**Records from a data source**
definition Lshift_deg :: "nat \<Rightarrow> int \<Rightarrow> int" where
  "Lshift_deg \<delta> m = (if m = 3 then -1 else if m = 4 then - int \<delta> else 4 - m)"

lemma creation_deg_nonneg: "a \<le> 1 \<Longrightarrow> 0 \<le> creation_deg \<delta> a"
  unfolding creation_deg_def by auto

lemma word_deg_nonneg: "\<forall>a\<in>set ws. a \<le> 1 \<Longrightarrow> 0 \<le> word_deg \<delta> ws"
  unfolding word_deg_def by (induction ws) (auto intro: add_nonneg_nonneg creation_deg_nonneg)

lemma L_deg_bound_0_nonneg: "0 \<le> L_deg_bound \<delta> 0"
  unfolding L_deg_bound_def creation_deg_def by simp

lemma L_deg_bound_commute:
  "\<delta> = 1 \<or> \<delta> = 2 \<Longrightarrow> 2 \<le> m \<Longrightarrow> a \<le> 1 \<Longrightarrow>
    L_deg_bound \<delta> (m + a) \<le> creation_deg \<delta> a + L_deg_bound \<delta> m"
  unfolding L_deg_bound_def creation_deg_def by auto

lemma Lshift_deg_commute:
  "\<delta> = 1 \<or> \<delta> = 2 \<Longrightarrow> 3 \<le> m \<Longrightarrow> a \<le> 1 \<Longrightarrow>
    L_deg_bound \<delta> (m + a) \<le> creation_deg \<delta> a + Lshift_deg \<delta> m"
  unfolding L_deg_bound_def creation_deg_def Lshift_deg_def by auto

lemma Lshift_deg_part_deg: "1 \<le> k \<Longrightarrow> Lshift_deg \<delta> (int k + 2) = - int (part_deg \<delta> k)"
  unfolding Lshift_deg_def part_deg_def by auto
---
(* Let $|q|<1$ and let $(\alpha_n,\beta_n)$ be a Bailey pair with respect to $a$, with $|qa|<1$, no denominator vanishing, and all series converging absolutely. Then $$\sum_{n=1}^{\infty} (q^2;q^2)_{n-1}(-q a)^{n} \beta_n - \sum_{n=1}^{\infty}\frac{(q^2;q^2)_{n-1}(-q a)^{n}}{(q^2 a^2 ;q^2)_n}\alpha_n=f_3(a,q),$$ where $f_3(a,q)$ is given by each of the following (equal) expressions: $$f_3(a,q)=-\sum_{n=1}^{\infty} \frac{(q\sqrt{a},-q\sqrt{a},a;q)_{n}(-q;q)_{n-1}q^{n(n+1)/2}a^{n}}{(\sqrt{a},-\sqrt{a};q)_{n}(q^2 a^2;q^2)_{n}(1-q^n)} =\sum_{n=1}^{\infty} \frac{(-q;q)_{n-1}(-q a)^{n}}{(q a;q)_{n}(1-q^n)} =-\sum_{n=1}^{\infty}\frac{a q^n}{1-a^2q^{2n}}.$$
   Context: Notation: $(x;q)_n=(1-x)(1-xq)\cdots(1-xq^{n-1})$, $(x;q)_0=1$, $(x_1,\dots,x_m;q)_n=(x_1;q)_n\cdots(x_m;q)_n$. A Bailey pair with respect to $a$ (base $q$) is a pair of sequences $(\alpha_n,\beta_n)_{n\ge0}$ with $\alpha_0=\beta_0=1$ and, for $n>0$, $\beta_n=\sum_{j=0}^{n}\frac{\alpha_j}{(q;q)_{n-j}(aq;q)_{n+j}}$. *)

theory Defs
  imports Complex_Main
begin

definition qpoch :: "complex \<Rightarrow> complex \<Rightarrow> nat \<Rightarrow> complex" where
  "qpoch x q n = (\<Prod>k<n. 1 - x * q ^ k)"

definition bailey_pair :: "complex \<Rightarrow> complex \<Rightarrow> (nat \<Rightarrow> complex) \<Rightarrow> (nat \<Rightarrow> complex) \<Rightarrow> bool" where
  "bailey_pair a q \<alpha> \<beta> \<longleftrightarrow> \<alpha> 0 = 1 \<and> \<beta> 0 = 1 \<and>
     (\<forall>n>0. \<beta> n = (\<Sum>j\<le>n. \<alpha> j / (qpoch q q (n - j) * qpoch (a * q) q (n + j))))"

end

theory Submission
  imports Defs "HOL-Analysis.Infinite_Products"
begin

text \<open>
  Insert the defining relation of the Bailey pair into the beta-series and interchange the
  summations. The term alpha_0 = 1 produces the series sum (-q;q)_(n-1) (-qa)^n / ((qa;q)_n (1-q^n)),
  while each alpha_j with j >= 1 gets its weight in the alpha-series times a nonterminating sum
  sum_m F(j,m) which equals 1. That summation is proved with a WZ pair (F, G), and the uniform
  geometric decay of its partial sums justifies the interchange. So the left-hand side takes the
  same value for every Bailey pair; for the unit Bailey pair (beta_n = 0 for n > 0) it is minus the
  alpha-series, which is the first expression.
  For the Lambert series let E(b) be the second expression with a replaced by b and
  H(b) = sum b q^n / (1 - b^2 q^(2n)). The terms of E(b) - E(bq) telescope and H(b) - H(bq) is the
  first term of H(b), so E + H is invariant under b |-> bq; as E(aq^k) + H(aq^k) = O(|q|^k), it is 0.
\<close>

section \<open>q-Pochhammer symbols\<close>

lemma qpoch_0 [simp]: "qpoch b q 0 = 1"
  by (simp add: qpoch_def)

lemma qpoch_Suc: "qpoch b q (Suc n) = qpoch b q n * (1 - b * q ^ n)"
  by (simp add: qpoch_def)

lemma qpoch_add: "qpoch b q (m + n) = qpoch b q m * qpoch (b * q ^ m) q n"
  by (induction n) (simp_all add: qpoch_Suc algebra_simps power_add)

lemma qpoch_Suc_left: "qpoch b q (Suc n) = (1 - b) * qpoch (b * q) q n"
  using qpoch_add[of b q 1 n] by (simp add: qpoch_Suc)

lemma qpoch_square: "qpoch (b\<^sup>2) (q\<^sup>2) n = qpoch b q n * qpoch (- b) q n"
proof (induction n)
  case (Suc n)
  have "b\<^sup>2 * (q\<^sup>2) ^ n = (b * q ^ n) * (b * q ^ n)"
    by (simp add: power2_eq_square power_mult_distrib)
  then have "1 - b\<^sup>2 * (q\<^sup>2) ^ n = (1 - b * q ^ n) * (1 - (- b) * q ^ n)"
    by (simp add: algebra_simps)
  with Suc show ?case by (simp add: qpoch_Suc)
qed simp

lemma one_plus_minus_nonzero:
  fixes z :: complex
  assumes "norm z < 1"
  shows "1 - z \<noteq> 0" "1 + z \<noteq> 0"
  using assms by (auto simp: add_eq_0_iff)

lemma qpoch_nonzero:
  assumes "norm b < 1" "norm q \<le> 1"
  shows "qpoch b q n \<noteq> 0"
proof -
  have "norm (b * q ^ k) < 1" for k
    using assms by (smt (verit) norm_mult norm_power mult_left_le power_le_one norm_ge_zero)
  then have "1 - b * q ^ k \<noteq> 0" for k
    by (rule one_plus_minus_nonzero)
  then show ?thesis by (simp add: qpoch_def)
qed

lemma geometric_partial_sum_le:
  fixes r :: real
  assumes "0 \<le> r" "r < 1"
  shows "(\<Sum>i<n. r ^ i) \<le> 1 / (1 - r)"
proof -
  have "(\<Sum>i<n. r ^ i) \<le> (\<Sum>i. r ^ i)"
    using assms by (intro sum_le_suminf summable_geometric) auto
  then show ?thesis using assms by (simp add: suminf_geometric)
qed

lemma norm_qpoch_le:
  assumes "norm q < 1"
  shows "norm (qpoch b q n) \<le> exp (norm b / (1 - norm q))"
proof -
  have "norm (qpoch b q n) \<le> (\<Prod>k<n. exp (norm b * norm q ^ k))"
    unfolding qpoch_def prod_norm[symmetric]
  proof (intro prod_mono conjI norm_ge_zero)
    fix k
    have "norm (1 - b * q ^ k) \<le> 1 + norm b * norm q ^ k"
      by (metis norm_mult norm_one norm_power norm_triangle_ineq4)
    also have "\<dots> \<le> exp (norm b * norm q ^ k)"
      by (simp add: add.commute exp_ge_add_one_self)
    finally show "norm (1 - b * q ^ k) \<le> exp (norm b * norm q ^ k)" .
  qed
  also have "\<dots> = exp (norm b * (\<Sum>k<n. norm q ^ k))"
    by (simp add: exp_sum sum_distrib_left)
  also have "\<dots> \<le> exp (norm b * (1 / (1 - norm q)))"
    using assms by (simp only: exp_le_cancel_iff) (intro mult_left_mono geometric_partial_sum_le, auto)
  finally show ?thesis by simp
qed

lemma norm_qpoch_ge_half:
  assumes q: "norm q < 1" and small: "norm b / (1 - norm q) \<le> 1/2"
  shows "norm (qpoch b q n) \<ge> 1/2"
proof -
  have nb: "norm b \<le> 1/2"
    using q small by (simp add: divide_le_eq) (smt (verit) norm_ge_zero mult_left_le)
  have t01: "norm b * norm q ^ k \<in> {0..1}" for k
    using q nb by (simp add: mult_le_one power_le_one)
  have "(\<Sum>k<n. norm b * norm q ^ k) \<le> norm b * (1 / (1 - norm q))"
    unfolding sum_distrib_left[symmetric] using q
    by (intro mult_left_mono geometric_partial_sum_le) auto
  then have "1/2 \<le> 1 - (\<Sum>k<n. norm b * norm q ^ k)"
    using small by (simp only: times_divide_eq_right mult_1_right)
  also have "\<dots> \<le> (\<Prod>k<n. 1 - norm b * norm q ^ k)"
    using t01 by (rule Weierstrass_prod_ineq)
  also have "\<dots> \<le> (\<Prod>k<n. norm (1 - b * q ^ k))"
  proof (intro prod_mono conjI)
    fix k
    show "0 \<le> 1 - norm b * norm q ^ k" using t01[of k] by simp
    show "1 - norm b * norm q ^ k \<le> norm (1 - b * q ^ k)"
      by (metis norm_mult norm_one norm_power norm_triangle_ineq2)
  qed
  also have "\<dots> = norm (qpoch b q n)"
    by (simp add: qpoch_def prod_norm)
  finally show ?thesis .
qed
---
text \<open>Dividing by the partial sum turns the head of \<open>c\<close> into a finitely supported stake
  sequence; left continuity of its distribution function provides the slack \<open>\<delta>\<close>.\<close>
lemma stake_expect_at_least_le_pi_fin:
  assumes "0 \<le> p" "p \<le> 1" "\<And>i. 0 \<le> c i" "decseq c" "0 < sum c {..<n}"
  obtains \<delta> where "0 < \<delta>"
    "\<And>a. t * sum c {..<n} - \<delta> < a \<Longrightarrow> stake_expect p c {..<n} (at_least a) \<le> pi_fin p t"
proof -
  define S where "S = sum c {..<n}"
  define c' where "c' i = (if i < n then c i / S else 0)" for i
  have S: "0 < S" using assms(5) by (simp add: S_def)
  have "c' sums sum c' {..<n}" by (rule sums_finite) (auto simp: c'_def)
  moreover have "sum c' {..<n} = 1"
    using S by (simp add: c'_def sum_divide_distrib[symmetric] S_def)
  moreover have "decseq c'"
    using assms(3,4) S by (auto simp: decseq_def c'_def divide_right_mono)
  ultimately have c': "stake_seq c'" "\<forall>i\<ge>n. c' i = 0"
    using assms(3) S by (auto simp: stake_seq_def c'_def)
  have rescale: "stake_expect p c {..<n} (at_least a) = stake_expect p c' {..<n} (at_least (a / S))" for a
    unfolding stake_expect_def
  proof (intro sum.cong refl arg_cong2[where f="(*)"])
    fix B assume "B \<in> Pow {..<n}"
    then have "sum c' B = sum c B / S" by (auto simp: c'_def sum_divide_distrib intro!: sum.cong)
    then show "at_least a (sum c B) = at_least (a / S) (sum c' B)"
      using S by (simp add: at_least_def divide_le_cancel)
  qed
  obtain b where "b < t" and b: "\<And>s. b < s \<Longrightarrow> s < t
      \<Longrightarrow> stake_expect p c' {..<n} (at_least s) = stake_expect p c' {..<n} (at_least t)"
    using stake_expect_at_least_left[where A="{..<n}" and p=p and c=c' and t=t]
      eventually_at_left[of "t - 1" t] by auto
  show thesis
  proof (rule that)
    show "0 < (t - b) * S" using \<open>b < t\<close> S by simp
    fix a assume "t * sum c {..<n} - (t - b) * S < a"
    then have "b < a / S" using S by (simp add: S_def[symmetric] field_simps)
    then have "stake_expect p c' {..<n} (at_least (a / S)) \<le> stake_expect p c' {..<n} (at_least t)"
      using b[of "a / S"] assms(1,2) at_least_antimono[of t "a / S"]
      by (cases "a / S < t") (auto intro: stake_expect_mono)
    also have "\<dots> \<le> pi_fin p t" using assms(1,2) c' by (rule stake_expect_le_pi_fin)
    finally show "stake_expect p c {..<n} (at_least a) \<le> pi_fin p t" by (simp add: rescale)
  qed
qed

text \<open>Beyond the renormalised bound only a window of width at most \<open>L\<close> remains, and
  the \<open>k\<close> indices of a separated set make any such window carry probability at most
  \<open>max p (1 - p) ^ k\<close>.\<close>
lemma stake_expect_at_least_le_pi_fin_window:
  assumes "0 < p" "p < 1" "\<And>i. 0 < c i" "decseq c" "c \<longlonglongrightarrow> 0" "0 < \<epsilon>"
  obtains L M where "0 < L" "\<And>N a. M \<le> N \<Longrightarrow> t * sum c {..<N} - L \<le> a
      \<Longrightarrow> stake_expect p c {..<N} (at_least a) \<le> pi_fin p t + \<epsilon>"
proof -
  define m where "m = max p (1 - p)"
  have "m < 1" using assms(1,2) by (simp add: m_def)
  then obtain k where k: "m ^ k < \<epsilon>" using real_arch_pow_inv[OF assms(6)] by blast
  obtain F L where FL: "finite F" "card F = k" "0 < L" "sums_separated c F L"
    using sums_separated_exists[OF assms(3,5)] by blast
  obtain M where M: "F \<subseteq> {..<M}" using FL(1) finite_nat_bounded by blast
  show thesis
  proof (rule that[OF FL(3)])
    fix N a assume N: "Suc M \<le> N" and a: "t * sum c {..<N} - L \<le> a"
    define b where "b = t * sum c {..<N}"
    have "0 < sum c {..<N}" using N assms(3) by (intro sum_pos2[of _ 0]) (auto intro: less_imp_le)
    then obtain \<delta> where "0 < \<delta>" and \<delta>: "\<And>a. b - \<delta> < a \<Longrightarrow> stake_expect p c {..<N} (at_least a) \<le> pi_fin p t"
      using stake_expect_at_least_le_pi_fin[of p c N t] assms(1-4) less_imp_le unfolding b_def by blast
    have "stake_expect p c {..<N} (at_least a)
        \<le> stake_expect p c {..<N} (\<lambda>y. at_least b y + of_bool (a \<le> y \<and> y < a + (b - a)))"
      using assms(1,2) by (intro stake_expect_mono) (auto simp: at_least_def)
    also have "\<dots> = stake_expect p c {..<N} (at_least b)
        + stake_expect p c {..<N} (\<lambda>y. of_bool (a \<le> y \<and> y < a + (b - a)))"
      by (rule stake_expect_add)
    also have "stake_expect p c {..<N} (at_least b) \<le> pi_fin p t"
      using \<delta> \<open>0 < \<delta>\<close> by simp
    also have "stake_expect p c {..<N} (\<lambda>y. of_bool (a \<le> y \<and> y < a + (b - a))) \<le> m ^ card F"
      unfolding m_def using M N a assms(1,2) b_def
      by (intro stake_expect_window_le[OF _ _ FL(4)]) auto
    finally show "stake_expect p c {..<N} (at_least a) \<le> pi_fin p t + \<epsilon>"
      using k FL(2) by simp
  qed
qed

**EXERCISE PROMPT**
After locating the line holding "qpoch b q m" above, output exactly that line and every line after it through the line holding "case (Suc n)". Include nothing else.

**ANSWER BOX**
lemma qpoch_add: "qpoch b q (m + n) = qpoch b q m * qpoch (b * q ^ m) q n"
  by (induction n) (simp_all add: qpoch_Suc algebra_simps power_add)

lemma qpoch_Suc_left: "qpoch b q (Suc n) = (1 - b) * qpoch (b * q) q n"
  using qpoch_add[of b q 1 n] by (simp add: qpoch_Suc)

lemma qpoch_square: "qpoch (b\<^sup>2) (q\<^sup>2) n = qpoch b q n * qpoch (- b) q n"
proof (induction n)
  case (Suc n)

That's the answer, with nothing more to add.